→ **EXERCISE REQUIREMENTS**
Where in the data below does the word "blast" appear? Copy each line that holds it.

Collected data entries
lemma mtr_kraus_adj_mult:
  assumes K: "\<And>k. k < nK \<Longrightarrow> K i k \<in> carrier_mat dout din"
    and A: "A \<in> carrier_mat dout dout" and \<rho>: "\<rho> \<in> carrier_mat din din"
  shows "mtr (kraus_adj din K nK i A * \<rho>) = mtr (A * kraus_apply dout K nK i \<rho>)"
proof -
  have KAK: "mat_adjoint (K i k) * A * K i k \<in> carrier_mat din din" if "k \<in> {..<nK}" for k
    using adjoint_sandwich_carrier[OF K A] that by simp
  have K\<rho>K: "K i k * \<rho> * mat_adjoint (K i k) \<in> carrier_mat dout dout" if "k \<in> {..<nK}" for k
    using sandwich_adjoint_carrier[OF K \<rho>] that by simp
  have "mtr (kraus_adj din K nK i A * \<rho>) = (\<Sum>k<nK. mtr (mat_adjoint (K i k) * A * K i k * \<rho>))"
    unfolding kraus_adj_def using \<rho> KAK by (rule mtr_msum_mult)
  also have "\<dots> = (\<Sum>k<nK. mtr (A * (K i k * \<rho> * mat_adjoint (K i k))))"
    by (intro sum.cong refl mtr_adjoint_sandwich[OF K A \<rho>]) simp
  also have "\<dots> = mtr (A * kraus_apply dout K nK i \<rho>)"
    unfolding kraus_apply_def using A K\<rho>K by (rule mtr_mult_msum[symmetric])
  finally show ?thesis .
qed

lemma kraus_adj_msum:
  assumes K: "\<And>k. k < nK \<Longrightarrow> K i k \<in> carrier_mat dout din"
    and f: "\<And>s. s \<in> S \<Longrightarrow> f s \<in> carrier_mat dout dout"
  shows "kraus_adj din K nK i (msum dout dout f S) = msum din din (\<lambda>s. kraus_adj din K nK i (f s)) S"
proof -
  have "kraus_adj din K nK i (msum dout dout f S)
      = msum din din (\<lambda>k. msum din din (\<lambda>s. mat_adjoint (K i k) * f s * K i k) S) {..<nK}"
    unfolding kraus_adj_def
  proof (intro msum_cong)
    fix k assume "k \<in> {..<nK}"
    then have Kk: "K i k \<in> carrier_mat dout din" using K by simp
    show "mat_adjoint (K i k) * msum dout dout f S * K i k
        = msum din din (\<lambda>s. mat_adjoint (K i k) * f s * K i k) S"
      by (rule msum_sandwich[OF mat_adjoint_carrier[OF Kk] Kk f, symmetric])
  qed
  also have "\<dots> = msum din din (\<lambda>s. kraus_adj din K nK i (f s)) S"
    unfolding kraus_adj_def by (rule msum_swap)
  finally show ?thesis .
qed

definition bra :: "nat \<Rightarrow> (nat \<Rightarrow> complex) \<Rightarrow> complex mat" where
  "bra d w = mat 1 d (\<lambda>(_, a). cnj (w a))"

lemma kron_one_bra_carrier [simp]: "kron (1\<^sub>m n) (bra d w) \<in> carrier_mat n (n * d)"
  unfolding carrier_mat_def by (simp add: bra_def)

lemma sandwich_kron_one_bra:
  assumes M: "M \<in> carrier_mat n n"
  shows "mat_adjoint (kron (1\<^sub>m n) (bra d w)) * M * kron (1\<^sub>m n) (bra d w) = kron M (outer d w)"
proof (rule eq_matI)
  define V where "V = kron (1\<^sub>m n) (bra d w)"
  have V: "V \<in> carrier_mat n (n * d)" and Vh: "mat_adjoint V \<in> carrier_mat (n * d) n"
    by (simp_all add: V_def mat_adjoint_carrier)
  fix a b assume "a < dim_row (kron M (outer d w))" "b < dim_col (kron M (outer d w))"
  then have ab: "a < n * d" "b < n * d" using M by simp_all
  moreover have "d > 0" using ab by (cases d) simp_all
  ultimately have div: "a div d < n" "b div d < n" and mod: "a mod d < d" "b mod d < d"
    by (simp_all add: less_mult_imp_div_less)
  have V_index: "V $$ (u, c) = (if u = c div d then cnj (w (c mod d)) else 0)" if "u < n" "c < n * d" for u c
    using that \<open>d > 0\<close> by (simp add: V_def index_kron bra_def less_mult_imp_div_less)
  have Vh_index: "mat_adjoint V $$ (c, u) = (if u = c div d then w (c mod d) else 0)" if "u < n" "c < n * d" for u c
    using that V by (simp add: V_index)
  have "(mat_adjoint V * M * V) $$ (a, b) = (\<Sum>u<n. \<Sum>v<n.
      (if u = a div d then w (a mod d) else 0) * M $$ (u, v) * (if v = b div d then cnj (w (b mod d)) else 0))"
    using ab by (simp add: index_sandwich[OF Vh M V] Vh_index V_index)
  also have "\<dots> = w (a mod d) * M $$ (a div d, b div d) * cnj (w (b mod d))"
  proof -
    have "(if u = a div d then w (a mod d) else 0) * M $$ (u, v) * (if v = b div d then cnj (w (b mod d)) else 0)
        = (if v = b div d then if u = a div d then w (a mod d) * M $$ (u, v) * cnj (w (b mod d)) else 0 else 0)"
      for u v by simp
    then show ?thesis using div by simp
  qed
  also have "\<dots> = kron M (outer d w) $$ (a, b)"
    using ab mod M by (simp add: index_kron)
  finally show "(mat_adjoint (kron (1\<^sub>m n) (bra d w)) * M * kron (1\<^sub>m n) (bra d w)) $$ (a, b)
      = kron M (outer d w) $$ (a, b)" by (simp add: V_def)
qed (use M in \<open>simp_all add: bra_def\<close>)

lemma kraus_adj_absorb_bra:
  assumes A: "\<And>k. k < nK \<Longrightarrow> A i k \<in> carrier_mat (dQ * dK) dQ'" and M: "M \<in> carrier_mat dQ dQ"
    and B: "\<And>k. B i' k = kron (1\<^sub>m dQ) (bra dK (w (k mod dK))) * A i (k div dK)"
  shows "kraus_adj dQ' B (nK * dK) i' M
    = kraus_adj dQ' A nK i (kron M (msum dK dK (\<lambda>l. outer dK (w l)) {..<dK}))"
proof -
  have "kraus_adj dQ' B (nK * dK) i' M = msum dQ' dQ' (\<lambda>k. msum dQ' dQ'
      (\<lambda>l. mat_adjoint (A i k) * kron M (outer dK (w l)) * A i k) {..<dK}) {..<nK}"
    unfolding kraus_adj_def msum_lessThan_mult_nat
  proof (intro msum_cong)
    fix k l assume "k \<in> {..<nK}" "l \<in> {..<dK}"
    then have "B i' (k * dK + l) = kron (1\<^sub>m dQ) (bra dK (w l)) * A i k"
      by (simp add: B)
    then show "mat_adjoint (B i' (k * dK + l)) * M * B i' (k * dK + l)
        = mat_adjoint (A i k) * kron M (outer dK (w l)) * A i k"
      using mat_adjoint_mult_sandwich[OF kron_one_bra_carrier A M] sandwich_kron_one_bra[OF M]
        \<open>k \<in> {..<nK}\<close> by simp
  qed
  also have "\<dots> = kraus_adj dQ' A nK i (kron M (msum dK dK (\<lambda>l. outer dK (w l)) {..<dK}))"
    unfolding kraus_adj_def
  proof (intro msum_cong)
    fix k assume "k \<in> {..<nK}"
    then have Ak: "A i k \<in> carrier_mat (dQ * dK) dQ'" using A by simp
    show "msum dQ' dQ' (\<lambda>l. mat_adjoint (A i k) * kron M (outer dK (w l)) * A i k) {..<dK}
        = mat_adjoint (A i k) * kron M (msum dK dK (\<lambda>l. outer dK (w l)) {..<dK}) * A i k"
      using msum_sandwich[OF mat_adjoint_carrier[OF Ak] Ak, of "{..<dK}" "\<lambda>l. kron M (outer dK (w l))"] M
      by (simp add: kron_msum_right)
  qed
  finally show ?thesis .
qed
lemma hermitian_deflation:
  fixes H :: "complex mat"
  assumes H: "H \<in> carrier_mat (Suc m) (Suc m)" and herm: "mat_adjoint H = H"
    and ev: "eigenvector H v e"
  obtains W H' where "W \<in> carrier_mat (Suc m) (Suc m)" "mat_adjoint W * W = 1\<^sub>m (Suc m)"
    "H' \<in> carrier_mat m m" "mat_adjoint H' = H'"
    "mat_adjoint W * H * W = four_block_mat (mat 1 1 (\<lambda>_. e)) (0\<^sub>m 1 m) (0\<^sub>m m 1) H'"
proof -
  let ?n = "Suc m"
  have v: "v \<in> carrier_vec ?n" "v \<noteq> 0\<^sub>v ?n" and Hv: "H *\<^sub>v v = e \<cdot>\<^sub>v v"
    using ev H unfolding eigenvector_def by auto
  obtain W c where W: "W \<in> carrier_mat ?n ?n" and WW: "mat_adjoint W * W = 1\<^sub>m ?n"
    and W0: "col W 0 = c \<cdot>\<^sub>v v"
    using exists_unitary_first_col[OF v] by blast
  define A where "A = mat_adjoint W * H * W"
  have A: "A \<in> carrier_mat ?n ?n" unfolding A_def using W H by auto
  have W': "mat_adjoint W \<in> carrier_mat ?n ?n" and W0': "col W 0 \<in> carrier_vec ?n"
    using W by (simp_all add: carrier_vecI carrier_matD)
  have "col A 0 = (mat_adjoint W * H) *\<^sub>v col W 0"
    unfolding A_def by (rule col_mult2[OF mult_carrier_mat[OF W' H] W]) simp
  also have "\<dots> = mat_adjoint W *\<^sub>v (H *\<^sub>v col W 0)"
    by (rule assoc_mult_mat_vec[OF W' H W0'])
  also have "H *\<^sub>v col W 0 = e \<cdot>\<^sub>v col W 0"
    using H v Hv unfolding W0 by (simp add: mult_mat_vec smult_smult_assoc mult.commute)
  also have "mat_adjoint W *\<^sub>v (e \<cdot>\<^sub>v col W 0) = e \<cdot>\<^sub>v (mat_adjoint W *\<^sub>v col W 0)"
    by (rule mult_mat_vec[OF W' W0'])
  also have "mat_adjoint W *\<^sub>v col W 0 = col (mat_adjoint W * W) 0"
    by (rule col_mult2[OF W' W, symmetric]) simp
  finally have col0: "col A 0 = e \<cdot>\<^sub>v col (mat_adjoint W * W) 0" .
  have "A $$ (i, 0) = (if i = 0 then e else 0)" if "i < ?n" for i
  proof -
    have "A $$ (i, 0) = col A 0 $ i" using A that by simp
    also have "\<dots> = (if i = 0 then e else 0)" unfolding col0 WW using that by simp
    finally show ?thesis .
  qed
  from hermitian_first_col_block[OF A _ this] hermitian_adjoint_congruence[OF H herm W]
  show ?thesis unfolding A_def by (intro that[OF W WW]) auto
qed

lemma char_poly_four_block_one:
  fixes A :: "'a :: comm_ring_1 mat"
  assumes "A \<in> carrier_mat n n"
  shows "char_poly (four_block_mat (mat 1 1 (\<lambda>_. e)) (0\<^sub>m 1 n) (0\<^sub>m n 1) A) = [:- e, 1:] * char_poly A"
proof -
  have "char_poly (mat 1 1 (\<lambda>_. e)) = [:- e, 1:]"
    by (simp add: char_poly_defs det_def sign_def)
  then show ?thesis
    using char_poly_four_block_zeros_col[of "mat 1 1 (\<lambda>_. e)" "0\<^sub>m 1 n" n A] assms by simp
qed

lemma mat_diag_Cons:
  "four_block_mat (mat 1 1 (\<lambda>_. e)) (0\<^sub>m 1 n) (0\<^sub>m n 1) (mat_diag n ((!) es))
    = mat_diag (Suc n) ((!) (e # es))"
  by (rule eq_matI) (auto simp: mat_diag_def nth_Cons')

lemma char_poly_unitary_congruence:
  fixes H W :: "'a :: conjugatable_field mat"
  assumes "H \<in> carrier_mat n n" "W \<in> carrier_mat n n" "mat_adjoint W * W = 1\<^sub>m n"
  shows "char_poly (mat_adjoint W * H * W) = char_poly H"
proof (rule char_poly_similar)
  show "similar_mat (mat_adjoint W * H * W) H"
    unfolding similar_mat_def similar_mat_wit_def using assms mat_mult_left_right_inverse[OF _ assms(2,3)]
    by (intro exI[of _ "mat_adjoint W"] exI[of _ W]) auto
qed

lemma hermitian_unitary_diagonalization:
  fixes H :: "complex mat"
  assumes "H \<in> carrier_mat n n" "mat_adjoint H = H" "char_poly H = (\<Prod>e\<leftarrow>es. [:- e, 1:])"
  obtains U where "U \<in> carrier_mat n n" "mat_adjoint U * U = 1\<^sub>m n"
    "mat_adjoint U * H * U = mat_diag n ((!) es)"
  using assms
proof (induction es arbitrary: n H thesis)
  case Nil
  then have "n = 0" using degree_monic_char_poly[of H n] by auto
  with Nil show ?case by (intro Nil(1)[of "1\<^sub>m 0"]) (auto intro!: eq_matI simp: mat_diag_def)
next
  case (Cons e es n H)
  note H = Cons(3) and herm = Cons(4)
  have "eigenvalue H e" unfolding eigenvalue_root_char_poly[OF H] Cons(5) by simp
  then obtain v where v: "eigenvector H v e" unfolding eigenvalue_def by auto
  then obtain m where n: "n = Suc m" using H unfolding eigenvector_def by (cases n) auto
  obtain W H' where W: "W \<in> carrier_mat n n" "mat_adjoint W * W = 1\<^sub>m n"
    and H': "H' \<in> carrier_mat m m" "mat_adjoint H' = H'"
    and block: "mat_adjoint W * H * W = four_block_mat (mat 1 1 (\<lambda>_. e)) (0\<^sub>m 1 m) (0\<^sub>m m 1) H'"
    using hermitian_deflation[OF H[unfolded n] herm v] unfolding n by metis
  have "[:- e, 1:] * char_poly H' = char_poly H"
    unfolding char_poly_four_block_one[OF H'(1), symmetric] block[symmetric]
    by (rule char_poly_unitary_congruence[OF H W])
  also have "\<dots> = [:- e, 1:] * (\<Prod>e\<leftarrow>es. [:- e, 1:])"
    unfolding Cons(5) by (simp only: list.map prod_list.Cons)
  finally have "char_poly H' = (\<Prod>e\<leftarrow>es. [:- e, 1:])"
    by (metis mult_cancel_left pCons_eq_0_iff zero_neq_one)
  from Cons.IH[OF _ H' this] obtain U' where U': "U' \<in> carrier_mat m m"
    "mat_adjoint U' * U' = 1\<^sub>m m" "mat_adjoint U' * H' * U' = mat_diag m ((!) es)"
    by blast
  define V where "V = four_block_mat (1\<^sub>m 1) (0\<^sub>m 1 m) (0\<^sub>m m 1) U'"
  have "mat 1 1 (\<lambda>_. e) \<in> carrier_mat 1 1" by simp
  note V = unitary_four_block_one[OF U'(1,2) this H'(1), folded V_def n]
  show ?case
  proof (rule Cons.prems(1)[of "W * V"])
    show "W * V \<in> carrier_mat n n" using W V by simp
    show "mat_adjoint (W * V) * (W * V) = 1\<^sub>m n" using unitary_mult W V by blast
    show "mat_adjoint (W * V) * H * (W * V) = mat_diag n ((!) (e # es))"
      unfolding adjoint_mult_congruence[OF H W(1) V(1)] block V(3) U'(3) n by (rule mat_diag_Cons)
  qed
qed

--

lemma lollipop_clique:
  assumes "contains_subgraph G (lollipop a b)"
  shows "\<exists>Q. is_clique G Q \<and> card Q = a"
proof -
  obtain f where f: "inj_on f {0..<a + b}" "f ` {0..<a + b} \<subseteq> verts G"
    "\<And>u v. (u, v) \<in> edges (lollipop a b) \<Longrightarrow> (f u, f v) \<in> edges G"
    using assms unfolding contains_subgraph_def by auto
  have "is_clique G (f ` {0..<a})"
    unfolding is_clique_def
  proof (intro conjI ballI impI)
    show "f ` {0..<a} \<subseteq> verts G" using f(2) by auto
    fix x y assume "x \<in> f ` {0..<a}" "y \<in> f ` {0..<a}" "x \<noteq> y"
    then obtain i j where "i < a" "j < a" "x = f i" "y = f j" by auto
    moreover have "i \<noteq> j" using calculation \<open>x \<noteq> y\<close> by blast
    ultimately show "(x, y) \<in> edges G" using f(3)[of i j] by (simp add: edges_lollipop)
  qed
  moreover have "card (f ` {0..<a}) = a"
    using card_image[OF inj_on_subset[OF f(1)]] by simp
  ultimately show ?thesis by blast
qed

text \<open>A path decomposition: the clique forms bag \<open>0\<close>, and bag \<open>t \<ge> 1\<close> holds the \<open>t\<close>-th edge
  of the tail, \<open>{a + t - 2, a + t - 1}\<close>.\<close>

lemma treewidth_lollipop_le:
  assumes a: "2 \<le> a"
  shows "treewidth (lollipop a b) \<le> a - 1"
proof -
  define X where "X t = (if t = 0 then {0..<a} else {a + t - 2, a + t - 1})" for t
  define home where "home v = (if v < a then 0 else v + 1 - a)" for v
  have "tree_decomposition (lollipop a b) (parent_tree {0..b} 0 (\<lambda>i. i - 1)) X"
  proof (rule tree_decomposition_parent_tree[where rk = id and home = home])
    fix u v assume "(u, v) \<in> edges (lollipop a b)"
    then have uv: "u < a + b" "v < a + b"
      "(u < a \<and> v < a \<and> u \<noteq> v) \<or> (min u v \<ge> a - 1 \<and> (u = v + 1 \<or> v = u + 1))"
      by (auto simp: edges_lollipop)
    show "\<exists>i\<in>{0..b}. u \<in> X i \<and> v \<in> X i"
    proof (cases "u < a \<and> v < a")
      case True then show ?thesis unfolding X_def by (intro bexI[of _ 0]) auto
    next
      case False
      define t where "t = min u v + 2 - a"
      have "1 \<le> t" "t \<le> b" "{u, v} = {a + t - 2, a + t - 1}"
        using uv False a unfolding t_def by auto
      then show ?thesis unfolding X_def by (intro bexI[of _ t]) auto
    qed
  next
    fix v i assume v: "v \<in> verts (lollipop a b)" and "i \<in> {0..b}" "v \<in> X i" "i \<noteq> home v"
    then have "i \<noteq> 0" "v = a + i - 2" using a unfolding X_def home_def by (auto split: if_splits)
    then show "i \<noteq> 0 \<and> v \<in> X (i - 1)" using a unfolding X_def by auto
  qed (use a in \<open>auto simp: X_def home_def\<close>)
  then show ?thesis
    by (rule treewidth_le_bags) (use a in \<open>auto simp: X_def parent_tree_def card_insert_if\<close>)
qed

→ **EXERCISE SOLUTION**
    using exists_unitary_first_col[OF v] by blast
    by blast
    show "mat_adjoint (W * V) * (W * V) = 1\<^sub>m n" using unitary_mult W V by blast
    moreover have "i \<noteq> j" using calculation \<open>x \<noteq> y\<close> by blast
  ultimately show ?thesis by blast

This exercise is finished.